In the author's notes at the end of the book, King admits to taking liberties with the lunar cycle. For example, if a full moon was on New Year's Day, another one would not occur on Valentine's Day, but these dates are widely recognized in January and February. He explains that this was done to focus the relevant months more clearly in the readers' minds. Dave Langford reviewed Cycle of the Werewolf for White Dwarf #72, writing, "This is of course a werewolf yarn, competently told despite wearying heaps of bodies before we get any actual plot; the triumph of the cute, crippled kid detective over Incarnate Evil comes as no surprise.
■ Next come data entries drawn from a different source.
lemma exists_scales:
  assumes C: "\<And>s. 0 < s \<Longrightarrow> 0 < C s \<and> C s \<le> 1"
  obtains \<tau> \<delta> :: "nat \<Rightarrow> real"
  where "\<forall>k. 0 < \<tau> k \<and> 0 < \<delta> k \<and> \<delta> k < 1 \<and> 0 < C (\<tau> k) \<star> (1 - \<delta> k)"
    and "\<tau> \<longlonglongrightarrow> 0" and "\<delta> \<longlonglongrightarrow> 0"
proof -
  define \<tau> :: "nat \<Rightarrow> real" where "\<tau> k = 1 / Suc k" for k
  have \<tau>_pos: "0 < \<tau> k" for k
    by (simp add: \<tau>_def)
  have \<tau>_lim: "\<tau> \<longlonglongrightarrow> 0"
    unfolding \<tau>_def using LIMSEQ_inverse_real_of_nat by (simp add: inverse_eq_divide)
  have "\<forall>k. \<exists>d. 0 < d \<and> d < 1 \<and> d \<le> \<tau> k \<and> 0 < C (\<tau> k) \<star> (1 - d)"
    using exists_margin C \<tau>_pos by blast
  then obtain \<delta> where \<delta>: "\<forall>k. 0 < \<delta> k \<and> \<delta> k < 1 \<and> \<delta> k \<le> \<tau> k \<and> 0 < C (\<tau> k) \<star> (1 - \<delta> k)"
    by (rule choice[THEN exE])
  have "\<delta> \<longlonglongrightarrow> 0"
    using \<delta> by (intro tendsto_sandwich[OF _ _ tendsto_const \<tau>_lim] always_eventually allI)
      (auto intro: less_imp_le)
  with that \<tau>_pos \<tau>_lim \<delta> show ?thesis
    by blast
qed

lemma M_GH_Cauchy_along_convergent_nets:
  fixes \<tau> \<delta> :: "nat \<Rightarrow> real" and N :: "nat \<Rightarrow> nat" and x :: "nat \<Rightarrow> nat \<Rightarrow> nat \<Rightarrow> 'a"
  assumes TN1: "TN1 T"
    and spaces: "\<And>n. na_fuzzy_metric (X n) (M n) T" and nonempty: "\<And>n. X n \<noteq> {}"
    and diam: "\<And>s n. 0 < s \<Longrightarrow> C s \<le> fdiam (X n) (M n) s" and C: "\<And>s. 0 < s \<Longrightarrow> 0 < C s \<and> C s \<le> 1"
    and scales: "\<forall>k. 0 < \<tau> k \<and> 0 < \<delta> k \<and> \<delta> k < 1 \<and> 0 < C (\<tau> k) \<star> (1 - \<delta> k)"
    and lim: "\<tau> \<longlonglongrightarrow> 0" "\<delta> \<longlonglongrightarrow> 0"
    and nets: "\<And>k. compatible_nets T X M (\<tau> k) (\<delta> k) (N k) (x k)"
    and conv: "\<forall>k i j. i \<in> {1..N k} \<and> j \<in> {1..N k} \<longrightarrow>
      convergent (\<lambda>n. M (r n) (x k (r n) i) (x k (r n) j) (\<tau> k))"
  shows "\<forall>t>0. \<forall>e. 0 < e \<and> e < 1 \<longrightarrow>
    (\<exists>n0. \<forall>n\<ge>n0. \<forall>m\<ge>n0. M_GH T (X (r n)) (M (r n)) (X (r m)) (M (r m)) t > 1 - e)"
proof (intro allI impI)
  fix t e :: real
  assume "0 < t" and e: "0 < e \<and> e < 1"
  have "(\<lambda>k. (1 - \<delta> k) \<star> (1 - \<delta> k)) \<longlonglongrightarrow> (1 - 0) \<star> (1 - 0)"
    using lim(2) by (intro tendsto_intros)
  then have "\<forall>\<^sub>F k in sequentially. 1 - e < (1 - \<delta> k) \<star> (1 - \<delta> k)"
    using e by (intro order_tendstoD) (auto simp: tmul_one)
  moreover have "\<forall>\<^sub>F k in sequentially. \<tau> k < t"
    using lim(1) \<open>0 < t\<close> by (rule order_tendstoD)
  ultimately have "\<forall>\<^sub>F k in sequentially. 1 - e < (1 - \<delta> k) \<star> (1 - \<delta> k) \<and> \<tau> k < t"
    by (rule eventually_conj)
  then obtain k where k: "1 - e < (1 - \<delta> k) \<star> (1 - \<delta> k)" "\<tau> k < t"
    unfolding eventually_sequentially by auto
  have lower: "C (\<tau> k) \<le> M n a b (\<tau> k)" if "a \<in> X n" "b \<in> X n" for n a b
  proof -
    interpret na_fuzzy_metric_space T "X n" "M n"
      using spaces cont_tnorm by unfold_locales
    show ?thesis
      using diam[of "\<tau> k" n] fdiam_le[OF that] scales by (meson less_imp_le order_trans)
  qed
  have "\<exists>n0. \<forall>n\<ge>n0. \<forall>m\<ge>n0. \<forall>t'>\<tau> k.
      (1 - \<delta> k) \<star> (1 - \<delta> k) \<le> M_GH T (X (r n)) (M (r n)) (X (r m)) (M (r m)) t'"
  proof (rule eventually_M_GH_ge[where c = "C (\<tau> k)"])
    show "compatible_nets T (\<lambda>n. X (r n)) (\<lambda>n. M (r n)) (\<tau> k) (\<delta> k) (N k) (\<lambda>n. x k (r n))"
      using compatible_nets_subseq[OF nets] .
  qed (use TN1 spaces nonempty scales lower C conv in auto)
  with k show "\<exists>n0. \<forall>n\<ge>n0. \<forall>m\<ge>n0. M_GH T (X (r n)) (M (r n)) (X (r m)) (M (r m)) t > 1 - e"
    by (meson less_le_trans)
qed

end

theorem mainTheorem7:
  fixes T :: "real \<Rightarrow> real \<Rightarrow> real"
    and X :: "nat \<Rightarrow> 'a set"
    and M :: "nat \<Rightarrow> 'a \<Rightarrow> 'a \<Rightarrow> real \<Rightarrow> real"
  assumes tnorm: "cont_tnorm T"
    and spaces: "\<And>n. na_fuzzy_metric (X n) (M n) T"
    and nonempty: "\<And>n. X n \<noteq> {}"
    and compact: "\<And>n. fcompact (X n) (M n) (X n)"
    and tn1: "TN1 T"
    and diam: "\<exists>C :: real \<Rightarrow> real.
        (\<forall>s>0. \<forall>s'>0. s \<le> s' \<longrightarrow> C s \<le> C s') \<and>
        (\<forall>s>0. (C \<longlongrightarrow> C s) (at_left s)) \<and>
        (\<forall>s>0. 0 < C s \<and> C s \<le> 1) \<and>
        (\<forall>s>0. \<forall>n. C s \<le> fdiam (X n) (M n) s)"
    and cov_net: "\<exists>N :: real \<Rightarrow> real \<Rightarrow> nat.
        (\<forall>t>0. \<forall>e. 0 < e \<and> e < 1 \<longrightarrow> (\<forall>n. Cov (X n) (M n) e t \<le> N e t)) \<and>
        (\<forall>t>0. \<forall>e. 0 < e \<and> e < 1 \<longrightarrow>
          (\<exists>x :: nat \<Rightarrow> nat \<Rightarrow> 'a.
             (\<forall>n. fnet (X n) (M n) t e (N e t) (x n)) \<and>
             (\<forall>n m s i j. s > t \<longrightarrow> i \<in> {1..N e t} \<longrightarrow> j \<in> {1..N e t} \<longrightarrow>
                M n (x n i) (x n j) s < M m (x m i) (x m j) s \<longrightarrow>
                M n (x n i) (x n j) s / T (M m (x m i) (x m j) s) (1 - e)
                  \<ge> M n (x n i) (x n j) t / T (M m (x m i) (x m j) t) (1 - e))))"
  shows "\<exists>r :: nat \<Rightarrow> nat. strict_mono r \<and>
           (\<forall>t>0. \<forall>e. 0 < e \<and> e < 1 \<longrightarrow>
              (\<exists>n0. \<forall>n\<ge>n0. \<forall>m\<ge>n0.
                 M_GH T (X (r n)) (M (r n)) (X (r m)) (M (r m)) t > 1 - e))"
proof -
  interpret continuous_tnorm T
    by (rule continuous_tnorm.intro[OF tnorm])
  obtain C where C: "\<And>s. 0 < s \<Longrightarrow> 0 < C s \<and> C s \<le> 1"
    and C_diam: "\<And>s n. 0 < s \<Longrightarrow> C s \<le> fdiam (X n) (M n) s"
    using diam by blast
  obtain N where nets: "\<And>t e. 0 < t \<Longrightarrow> 0 < e \<Longrightarrow> e < 1 \<Longrightarrow> \<exists>x. compatible_nets T X M t e (N e t) x"
    using cov_net unfolding compatible_nets_def by blast
  obtain \<tau> \<delta> where scales: "\<forall>k. 0 < \<tau> k \<and> 0 < \<delta> k \<and> \<delta> k < 1 \<and> 0 < C (\<tau> k) \<star> (1 - \<delta> k)"
    and lim: "\<tau> \<longlonglongrightarrow> 0" "\<delta> \<longlonglongrightarrow> 0"
    by (rule exists_scales[OF C])
  have "\<forall>k. \<exists>x. compatible_nets T X M (\<tau> k) (\<delta> k) (N (\<delta> k) (\<tau> k)) x"
    using nets scales by blast
  then obtain x where x: "\<And>k. compatible_nets T X M (\<tau> k) (\<delta> k) (N (\<delta> k) (\<tau> k)) (x k)"
    by metis
  have "\<And>k n i. i \<in> {1..N (\<delta> k) (\<tau> k)} \<Longrightarrow> x k n i \<in> X n" and "\<And>k. 0 < \<tau> k"
    using compatible_nets_in[OF x] scales by blast+
  then obtain r where r: "strict_mono r" and conv: "\<forall>k i j. i \<in> {1..N (\<delta> k) (\<tau> k)} \<and>
      j \<in> {1..N (\<delta> k) (\<tau> k)} \<longrightarrow> convergent (\<lambda>n. M (r n) (x k (r n) i) (x k (r n) j) (\<tau> k))"
    by (rule exists_subseq_convergent_net_distances[OF spaces])
  show ?thesis
    by (intro exI[of _ r] conjI r
        M_GH_Cauchy_along_convergent_nets[OF tn1 spaces nonempty C_diam C scales lim x conv])
qed

end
OK, but expensive for a short story."

==Reviews==
- Review by Robert M. Price (1983) in Crypt of Cthulhu, #18 Yuletide 1983
- Review by Dan Chow (1984) in Locus, #276 January 1984
- Review by Michael E. Stamm (1984) in SF & Fantasy Review, March 1984
- Review by David Sherman (1984) in Fangoria, April 1984
- Review by Don D'Ammassa (1986) in Science Fiction Chronicle, #76 January 1986
- Review by Darrell Schweitzer (1986) in Science Fiction Review, Spring 1986

==Film adaptation==
The novella was adapted into a film, Silver Bullet, in 1985, starring Corey Haim as Marty, Everett McGill as Reverend Lowe, Gary Busey as Marty's uncle, Megan Follows as Marty's sister, Terry O'Quinn as the local sheriff, Kent Broadhurst as Brady's father, and James Gammon as Arnie Westrum. The movie received mixed reviews and it has since appeared on television regularly. In 1985, Signet Books re-issued Cycle of the Werewolf under the title Silver Bullet in an edition that included King's screenplay alongside the original novella. This edition also includes a foreword by King, recounting the impetus of the novella and the background of the film adaptation.